▶ [Task description] Give again, unaltered, the lines of the listing below that run from the line having "parity; so it" through the line having "feasible with \<open>\<delta>".
----
lemma decreasing_step_le_total:
  fixes a :: "nat \<Rightarrow> real"
  assumes decreasing: "\<And>j. j < L \<Longrightarrow> a (Suc j) \<le> a j" and "j < L"
  shows "a j - a (Suc j) \<le> a 0 - a L"
proof -
  have antimono: "a n \<le> a m" if "m \<le> n" "n \<le> L" for m n
    using that
  proof (induction n rule: dec_induct)
    case (step n)
    then show ?case
      using decreasing[of n] by simp
  qed simp
  show ?thesis
    using antimono[of 0 j] antimono[of "Suc j" L] \<open>j < L\<close> by simp
qed

lemma sufficient_decrease_sweeps_tendsto:
  fixes v :: "nat \<Rightarrow> nat \<Rightarrow> 'a::real_normed_vector" and E :: "'a \<Rightarrow> real"
  assumes "c > 0"
    and decrease: "\<And>k j. k \<ge> K \<Longrightarrow> j < L \<Longrightarrow>
      c * (norm (v k j - v k (Suc j)))\<^sup>2 \<le> E (v k j) - E (v k (Suc j))"
    and first: "\<And>k. k \<ge> K \<Longrightarrow> v k 0 = u k"
    and last: "\<And>k. k \<ge> K \<Longrightarrow> v k L = u (Suc k)"
    and u: "u \<longlonglongrightarrow> w" and E: "(\<lambda>k. E (u k)) \<longlonglongrightarrow> e"
    and "\<mu> \<le> L"
  shows "(\<lambda>k. v k \<mu>) \<longlonglongrightarrow> w"
proof -
  have step: "(\<lambda>k. v k j - v k (Suc j)) \<longlonglongrightarrow> 0" if "j < L" for j
  proof -
    have bound: "(norm (v k j - v k (Suc j)))\<^sup>2 \<le> (E (u k) - E (u (Suc k))) / c" if "k \<ge> K" for k
    proof -
      have "E (v k (Suc i)) \<le> E (v k i)" if "i < L" for i
      proof -
        have "0 \<le> c * (norm (v k i - v k (Suc i)))\<^sup>2"
          using \<open>c > 0\<close> by simp
        then show ?thesis
          using decrease[OF \<open>k \<ge> K\<close> that] by linarith
      qed
      then have "E (v k j) - E (v k (Suc j)) \<le> E (u k) - E (u (Suc k))"
        using decreasing_step_le_total[of L "\<lambda>i. E (v k i)" j] \<open>j < L\<close> first last that by simp
      then show ?thesis
        using decrease[OF that \<open>j < L\<close>] \<open>c > 0\<close> by (simp add: field_simps)
    qed
    have "(\<lambda>k. (E (u k) - E (u (Suc k))) / c) \<longlonglongrightarrow> 0"
      using tendsto_divide[OF tendsto_diff[OF E LIMSEQ_Suc[OF E]] tendsto_const, of c] \<open>c > 0\<close>
      by simp
    then have "(\<lambda>k. (norm (v k j - v k (Suc j)))\<^sup>2) \<longlonglongrightarrow> 0"
    proof (rule tendsto_sandwich[OF _ _ tendsto_const, rotated 2])
      show "\<forall>\<^sub>F k in sequentially. (norm (v k j - v k (Suc j)))\<^sup>2 \<le> (E (u k) - E (u (Suc k))) / c"
        using bound by (rule eventually_sequentiallyI)
    qed simp_all
    then have "(\<lambda>k. norm (v k j - v k (Suc j))) \<longlonglongrightarrow> 0"
      using tendsto_real_sqrt by fastforce
    then show ?thesis
      by (rule tendsto_norm_zero_iff[THEN iffD1])
  qed
  show ?thesis
    using \<open>\<mu> \<le> L\<close>
  proof (induction \<mu>)
    case 0
    have "\<forall>\<^sub>F k in sequentially. u k = v k 0"
      by (auto intro: eventually_sequentiallyI first[symmetric])
    then show ?case
      using u tendsto_cong by fastforce
  next
    case (Suc j)
    then have "(\<lambda>k. v k j - (v k j - v k (Suc j))) \<longlonglongrightarrow> w - 0"
      by (intro tendsto_diff step) auto
    then show ?case
      by simp
  qed
qed

locale als_iteration =
  fixes L :: nat and A :: "real^'n^'n" and b :: "real^'n"
    and Ps :: "nat \<Rightarrow> 'p::euclidean_space set" and U :: "(nat \<Rightarrow> 'p) \<Rightarrow> real^'n"
    and p :: "nat \<Rightarrow> nat \<Rightarrow> 'p"
  assumes symmetric: "transpose A = A"
    and pos_def: "\<forall>x. x \<noteq> 0 \<longrightarrow> inner x (A *v x) > 0"
    and subspaces: "\<forall>\<mu>\<in>{1..L}. subspace (Ps \<mu>)"
    and multilinear: "multilinear_on L Ps U"
    and initial: "p 1 \<in> prodP L Ps"
    and outside: "\<forall>k\<ge>1. \<forall>i. i \<notin> {1..L} \<longrightarrow> p (Suc k) i = 0"
    and update: "\<forall>k\<ge>1. \<forall>\<mu>\<in>{1..L}.
       p (Suc k) \<mu> =
         pinv_on (Ps \<mu>)
           (\<lambda>q. adjoint_on (Ps \<mu>) (als_W U p k \<mu>) (A *v als_W U p k \<mu> q))
           (adjoint_on (Ps \<mu>) (als_W U p k \<mu>) b)"
begin

lemma linear_on_subspace_als_W:
  assumes "p k \<in> prodP L Ps" "k \<ge> 1" "\<mu> \<in> {1..L}" "\<forall>i\<in>{1..<\<mu>}. p (Suc k) i \<in> Ps i"
  shows "linear_on_subspace (Ps \<mu>) (als_W U p k \<mu>)"
proof -
  have "(\<lambda>i. if i < \<mu> then p (Suc k) i else p k i) \<in> prodP L Ps"
    using assms outside unfolding prodP_def by auto
  then show ?thesis
    using multilinear subspaces assms(3)
    unfolding linear_on_subspace_def multilinear_on_def als_W_def[abs_def] by blast
qed

lemma update_mem:
  assumes "p k \<in> prodP L Ps" "k \<ge> 1"
  shows "\<mu> \<in> {1..L} \<Longrightarrow> p (Suc k) \<mu> \<in> Ps \<mu>"
proof (induction \<mu> rule: less_induct)
  case (less \<mu>)
  then have "linear_on_subspace (Ps \<mu>) (als_W U p k \<mu>)"
    using assms by (intro linear_on_subspace_als_W) auto
  then show ?case
    using pinv_on_galerkin(1)[OF _ symmetric pos_def] update assms(2) less.prems by simp
qed

lemma iterate_mem: "k \<ge> 1 \<Longrightarrow> p k \<in> prodP L Ps"
proof (induction k rule: nat_induct_at_least)
  case (Suc k)
  then show ?case
    using update_mem outside unfolding prodP_def by auto
qed (use initial in simp)

lemma galerkin:
  assumes "k \<ge> 1" "\<mu> \<in> {1..L}" "q \<in> Ps \<mu>"
  shows "inner (A *v als_W U p k \<mu> (p (Suc k) \<mu>)) (als_W U p k \<mu> q) = inner b (als_W U p k \<mu> q)"
proof -
  have "linear_on_subspace (Ps \<mu>) (als_W U p k \<mu>)"
    using iterate_mem[of k] iterate_mem[of "Suc k"] assms
    by (intro linear_on_subspace_als_W) (auto simp: prodP_def)
  then show ?thesis
    using pinv_on_galerkin(2)[OF _ symmetric pos_def] update assms by simp
qed

lemma als_v_eq_als_W: "als_v U p k \<mu> = als_W U p k \<mu> (p (Suc k) \<mu>)"
  unfolding als_v_def als_W_def by (rule arg_cong[where f = U]) auto

lemma als_v_eq_als_W_Suc: "als_v U p k j = als_W U p k (Suc j) (p k (Suc j))"
  unfolding als_v_def als_W_def by (rule arg_cong[where f = U]) auto

lemma als_v_first: "k \<ge> 1 \<Longrightarrow> als_v U p k 0 = U (p k)"
  using iterate_mem[of k] iterate_mem[of "Suc k"]
  unfolding als_v_def prodP_def by (intro arg_cong[where f = U]) auto

lemma als_v_last: "k \<ge> 1 \<Longrightarrow> als_v U p k L = U (p (Suc k))"
  using iterate_mem[of k] iterate_mem[of "Suc k"]
  unfolding als_v_def prodP_def by (intro arg_cong[where f = U]) (auto simp: fun_eq_iff)

lemma energy_drop:
  assumes "k \<ge> 1" "j < L"
  defines "e \<equiv> als_v U p k j - als_v U p k (Suc j)"
  shows "quadratic_energy A b (als_v U p k j) - quadratic_energy A b (als_v U p k (Suc j))
    = inner e (A *v e) / 2"
proof -
  let ?W = "als_W U p k (Suc j)"
  have mem: "p k (Suc j) \<in> Ps (Suc j)" "p (Suc k) (Suc j) \<in> Ps (Suc j)"
    using iterate_mem[of k] iterate_mem[of "Suc k"] assms(1,2) unfolding prodP_def by auto
  have "linear_on_subspace (Ps (Suc j)) ?W"
    using iterate_mem[of k] iterate_mem[of "Suc k"] assms(1,2)
    by (intro linear_on_subspace_als_W) (auto simp: prodP_def)
  then have "e = ?W (p k (Suc j) - p (Suc k) (Suc j))"
    unfolding e_def als_v_eq_als_W_Suc[of k j] als_v_eq_als_W[of k "Suc j"]
    using mem by (simp add: linear_on_subspace.diff)
  then have "inner (A *v als_v U p k (Suc j)) e = inner b e"
    using galerkin[OF assms(1), of "Suc j"] assms(2) mem subspaces
    by (simp add: als_v_eq_als_W subspace_diff)
  from quadratic_energy_galerkin_step[OF symmetric this]
  show ?thesis
    unfolding e_def by simp
qed
(* Let $B_3=\langle\sigma_1,\sigma_2\mid\sigma_1\sigma_2\sigma_1=\sigma_2\sigma_1\sigma_2\rangle$, $\Delta=\sigma_1\sigma_2\sigma_1$, and let $<_{DD}$ be the Dubrovina–Dubrovin ordering. Then for every braid $\beta\in B_3$ and every integer $k$, \[\Delta^{-2}<_{DD}\beta^{-1}\sigma_2^k\beta<_{DD}\Delta^2.\]
   Context: A word in $\sigma_1^{\pm1},\sigma_2^{\pm1}$ is 1-positive if $\sigma_1$ occurs in it and only with positive exponents. The Dubrovina–Dubrovin left-ordering $<_{DD}$ of $B_3$ has positive cone consisting of those $\beta\in B_3$ that admit a 1-positive representative word, together with the elements $\sigma_2^k$ for $k<0$. *)

theory Defs
  imports Main
begin

datatype gen = S1 | S2

text \<open>A letter (g, True) is g, a letter (g, False) is g^(-1).\<close>
type_synonym bword = "(gen \<times> bool) list"

definition inv_word :: "bword \<Rightarrow> bword" where
  "inv_word w = rev (map (\<lambda>(g, e). (g, \<not> e)) w)"

inductive braid_step :: "bword \<Rightarrow> bword \<Rightarrow> bool" where
  cancel: "braid_step (u @ [(g, e), (g, \<not> e)] @ v) (u @ v)"
| braid_rel: "braid_step (u @ [(S1, True), (S2, True), (S1, True)] @ v)
                         (u @ [(S2, True), (S1, True), (S2, True)] @ v)"

definition braid_eq :: "bword \<Rightarrow> bword \<Rightarrow> bool" where
  "braid_eq = equivclp braid_step"

definition one_positive :: "bword \<Rightarrow> bool" where
  "one_positive w \<longleftrightarrow> (S1, True) \<in> set w \<and> (S1, False) \<notin> set w"

definition sigma2_pow :: "int \<Rightarrow> bword" where
  "sigma2_pow k = (if k \<ge> 0 then replicate (nat k) (S2, True)
                   else replicate (nat (- k)) (S2, False))"

definition DD_pos :: "bword \<Rightarrow> bool" where
  "DD_pos w \<longleftrightarrow> (\<exists>v. braid_eq w v \<and> one_positive v) \<or>
               (\<exists>k::int. k < 0 \<and> braid_eq w (sigma2_pow k))"
(* Let $m>1$ be an integer and $0<\gamma<\frac12$. Then $\delta\mapsto F(m,\gamma,\delta)$ is non-increasing on $[0,1]$.
   Context: Logarithms base 2; $h$ is binary entropy; $\|u\|$ is Hamming weight. For an integer $m\ge1$, $\gamma\in(0,\frac12)$ and $\delta\in[0,1]$, let $H^*(m,\gamma,\delta)$ be the maximum entropy of a probability distribution $Q$ on $\mathbb{F}_2^m$ satisfying $\Pr_{u\sim Q}(u_i=1)=\gamma$ for all $1\le i\le m$ and $\Pr_{u\sim Q}(\|u\|\text{ odd})=\delta$; set $F(m,\gamma,\delta)=H^*(m,\gamma,\delta)-h(\delta)$ if such $Q$ exists and $F(m,\gamma,\delta)=-\infty$ otherwise. *)

theory Defs
  imports "HOL-Analysis.Analysis" "HOL-Library.Extended_Real"
begin

text \<open>Vectors u in F_2^m are represented by their supports: subsets of {..<m}.
  A probability distribution Q on F_2^m is a function on these subsets.
  The Hamming weight of u is card u.\<close>

definition hamming_space :: "nat \<Rightarrow> nat set set" where
  "hamming_space m = Pow {..<m}"

definition bin_entropy :: "real \<Rightarrow> real" where
  "bin_entropy x = - (x * log 2 x) - (1 - x) * log 2 (1 - x)"

definition entropy_dist :: "nat \<Rightarrow> (nat set \<Rightarrow> real) \<Rightarrow> real" where
  "entropy_dist m Q = (\<Sum>u\<in>hamming_space m. - (Q u * log 2 (Q u)))"

definition feasible :: "nat \<Rightarrow> real \<Rightarrow> real \<Rightarrow> (nat set \<Rightarrow> real) \<Rightarrow> bool" where
  "feasible m \<gamma> \<delta> Q \<longleftrightarrow>
     (\<forall>u\<in>hamming_space m. Q u \<ge> 0) \<and>
     (\<Sum>u\<in>hamming_space m. Q u) = 1 \<and>
     (\<forall>i<m. (\<Sum>u\<in>{u\<in>hamming_space m. i \<in> u}. Q u) = \<gamma>) \<and>
     (\<Sum>u\<in>{u\<in>hamming_space m. odd (card u)}. Q u) = \<delta>"

definition Hstar :: "nat \<Rightarrow> real \<Rightarrow> real \<Rightarrow> ereal" where
  "Hstar m \<gamma> \<delta> = Sup {ereal (entropy_dist m Q) | Q. feasible m \<gamma> \<delta> Q}"

definition F :: "nat \<Rightarrow> real \<Rightarrow> real \<Rightarrow> ereal" where
  "F m \<gamma> \<delta> = (if \<exists>Q. feasible m \<gamma> \<delta> Q
                 then Hstar m \<gamma> \<delta> - ereal (bin_entropy \<delta>) else - \<infinity>)"

end

theory Submission
  imports Defs
begin

text \<open>Splitting a distribution \<open>Q\<close> on \<open>\<bbbF>\<^sub>2\<^sup>m\<close> by the parity of the weight gives the
  chain rule \<open>H(Q) = h(\<delta>) + G(Q)\<close>, where \<open>G(Q)\<close> is the entropy of \<open>Q\<close> conditioned on the
  parity; so it suffices to turn every feasible \<open>Q\<close> with odd mass \<open>\<delta>\<^sub>2\<close> into one with odd
  mass \<open>\<delta>\<^sub>1 \<le> \<delta>\<^sub>2\<close> and no smaller \<open>G\<close>. By the log-sum inequality \<open>G\<close> is concave, and
  by Gibbs' inequality \<open>G(Q) \<le> log Z(r) - m \<gamma> log r\<close> for \<open>0 < r \<le> 1\<close>, where \<open>Z(r)\<close> is the
  sum of \<open>r ^ |u|\<close> over even-weight \<open>u\<close>; here one uses that the corresponding odd sum is
  smaller by \<open>(1 - r) ^ m\<close>. The distribution proportional to \<open>r ^ |u|\<close> on even-weight vectors,
  with \<open>r\<close> chosen by the intermediate value theorem so that its marginals are \<open>\<gamma>\<close>, is
  feasible with \<open>\<delta> = 0\<close> and attains the bound. Mixing \<open>Q\<close> with it in proportion
  \<open>\<delta>\<^sub>1 / \<delta>\<^sub>2\<close> does the job.\<close>

lemma log_sum_inequality:
  fixes a b :: "'i \<Rightarrow> real"
  assumes "finite I" "1 < c"
    and a: "\<And>i. i \<in> I \<Longrightarrow> 0 \<le> a i" and b: "\<And>i. i \<in> I \<Longrightarrow> 0 \<le> b i"
    and ab: "\<And>i. i \<in> I \<Longrightarrow> 0 < a i \<Longrightarrow> 0 < b i"
  shows "sum a I * log c (sum a I / sum b I) \<le> (\<Sum>i\<in>I. a i * log c (a i / b i))"
proof (cases "sum a I = 0")
  case True
  then have "\<forall>i\<in>I. a i = 0" using assms(1) a sum_nonneg_eq_0_iff by blast
  then show ?thesis using True by simp
next
  case False
  define A where "A = sum a I"
  define B where "B = sum b I"
  obtain j where "j \<in> I" "0 < a j"
    using False a by (metis le_less sum.neutral)
  then have "0 < b j" using ab by blast
  have "b j \<le> B" unfolding B_def using b \<open>j \<in> I\<close> assms(1) by (intro member_le_sum) auto
  moreover have "0 \<le> A" unfolding A_def using a by (intro sum_nonneg)
  ultimately have AB: "0 < A" "0 < B" using False \<open>0 < b j\<close> by (auto simp: A_def)
  have pointwise: "a i - b i * A / B \<le> a i * ln (a i / b i) - a i * ln (A / B)" if "i \<in> I" for i
  proof (cases "a i = 0")
    case True
    then show ?thesis using AB b[OF that] by simp
  next
    case False
    then have ai: "0 < a i" "0 < b i" using a ab that by (auto simp: le_less)
    have "ln (b i * A / (a i * B)) \<le> b i * A / (a i * B) - 1"
      using ai AB by (intro ln_le_minus_one) simp
    also have "ln (b i * A / (a i * B)) = ln (A / B) - ln (a i / b i)"
      using ai AB by (simp add: ln_div ln_mult)
    finally have "a i * (1 - b i * A / (a i * B)) \<le> a i * (ln (a i / b i) - ln (A / B))"
      using ai by (intro mult_left_mono) auto
    moreover have "a i * (1 - b i * A / (a i * B)) = a i - b i * A / B"
      using ai AB by (simp add: field_simps)
    ultimately show ?thesis by (simp add: right_diff_distrib)
  qed
  have "0 = (\<Sum>i\<in>I. a i - b i * A / B)"
    using AB by (simp add: sum_subtractf A_def B_def flip: sum_divide_distrib sum_distrib_right)
  also have "\<dots> \<le> (\<Sum>i\<in>I. a i * ln (a i / b i) - a i * ln (A / B))"
    by (intro sum_mono pointwise)
  finally have "A * ln (A / B) \<le> (\<Sum>i\<in>I. a i * ln (a i / b i))"
    by (simp add: sum_subtractf A_def flip: sum_distrib_right)
  then have "A * ln (A / B) / ln c \<le> (\<Sum>i\<in>I. a i * ln (a i / b i)) / ln c"
    using \<open>1 < c\<close> by (intro divide_right_mono) auto
  then show ?thesis by (simp add: log_def A_def B_def sum_divide_distrib)
qed
(* Let $(X,T)$ be a topological dynamical system. Then $\operatorname{supp}(X,T)$ is the smallest closed subset $K$ of $X$ with the following property: for every $x\in X$ and every open set $U\supseteq K$, the set $N(x,U)=\{n\in\mathbb{Z}_+:T^nx\in U\}$ has Banach density one. That is, $\operatorname{supp}(X,T)$ has this property, and every closed set $K\subset X$ with this property contains $\operatorname{supp}(X,T)$.
   Context: A topological dynamical system $(X,T)$ consists of a non-empty compact metric space $(X,d)$ and a continuous map $T:X\to X$. $\operatorname{supp}(X,T)$ is the smallest closed set $C\subset X$ with $\mu(C)=1$ for all $T$-invariant Borel probability measures $\mu$. A set $F\subset\mathbb{Z}_+$ has Banach density one if for every $\lambda<1$ there is $N\ge1$ with $\#(F\cap I)\ge\lambda\,\#(I)$ for every interval of integers $I\subset\mathbb{Z}_+$ with $\#(I)\ge N$. *)

theory Defs
  imports "HOL-Probability.Probability"
begin

definition tds :: "'a::metric_space set \<Rightarrow> ('a \<Rightarrow> 'a) \<Rightarrow> bool" where
  "tds X T \<longleftrightarrow> X \<noteq> {} \<and> compact X \<and> continuous_on X T \<and> T ` X \<subseteq> X"
(* For every $\varepsilon>0$ there exist instances of Maximum Vertex Coverage in which the graph is bipartite and has a vertex cover of size $k$ (so the optimum covers all edges), but the greedy algorithm's output covers at most a $\left(1-\frac1e+\varepsilon\right)$ fraction of the edges.
   Context: Maximum Vertex Coverage: given a graph $G$ and a positive integer $k$, choose $k$ vertices so as to maximize the number of edges having at least one endpoint among the chosen vertices. (This is the special case of Maximum Coverage in which each element belongs to exactly two sets.) The greedy algorithm chooses $k$ vertices sequentially, each new vertex maximizing the number of edges it covers that are not yet covered by previously chosen vertices. *)

theory Defs
  imports Complex_Main
begin

definition simple_graph :: "'a set \<Rightarrow> 'a set set \<Rightarrow> bool" where
  "simple_graph V E \<longleftrightarrow> finite V \<and> (\<forall>e\<in>E. e \<subseteq> V \<and> card e = 2)"

definition bipartite :: "'a set \<Rightarrow> 'a set set \<Rightarrow> bool" where
  "bipartite V E \<longleftrightarrow> (\<exists>A B. A \<union> B = V \<and> A \<inter> B = {} \<and>
      (\<forall>e\<in>E. card (e \<inter> A) = 1 \<and> card (e \<inter> B) = 1))"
----
▶ [Response to this task]
  parity; so it suffices to turn every feasible \<open>Q\<close> with odd mass \<open>\<delta>\<^sub>2\<close> into one with odd
  mass \<open>\<delta>\<^sub>1 \<le> \<delta>\<^sub>2\<close> and no smaller \<open>G\<close>. By the log-sum inequality \<open>G\<close> is concave, and
  by Gibbs' inequality \<open>G(Q) \<le> log Z(r) - m \<gamma> log r\<close> for \<open>0 < r \<le> 1\<close>, where \<open>Z(r)\<close> is the
  sum of \<open>r ^ |u|\<close> over even-weight \<open>u\<close>; here one uses that the corresponding odd sum is
  smaller by \<open>(1 - r) ^ m\<close>. The distribution proportional to \<open>r ^ |u|\<close> on even-weight vectors,
  with \<open>r\<close> chosen by the intermediate value theorem so that its marginals are \<open>\<gamma>\<close>, is
  feasible with \<open>\<delta> = 0\<close> and attains the bound. Mixing \<open>Q\<close> with it in proportion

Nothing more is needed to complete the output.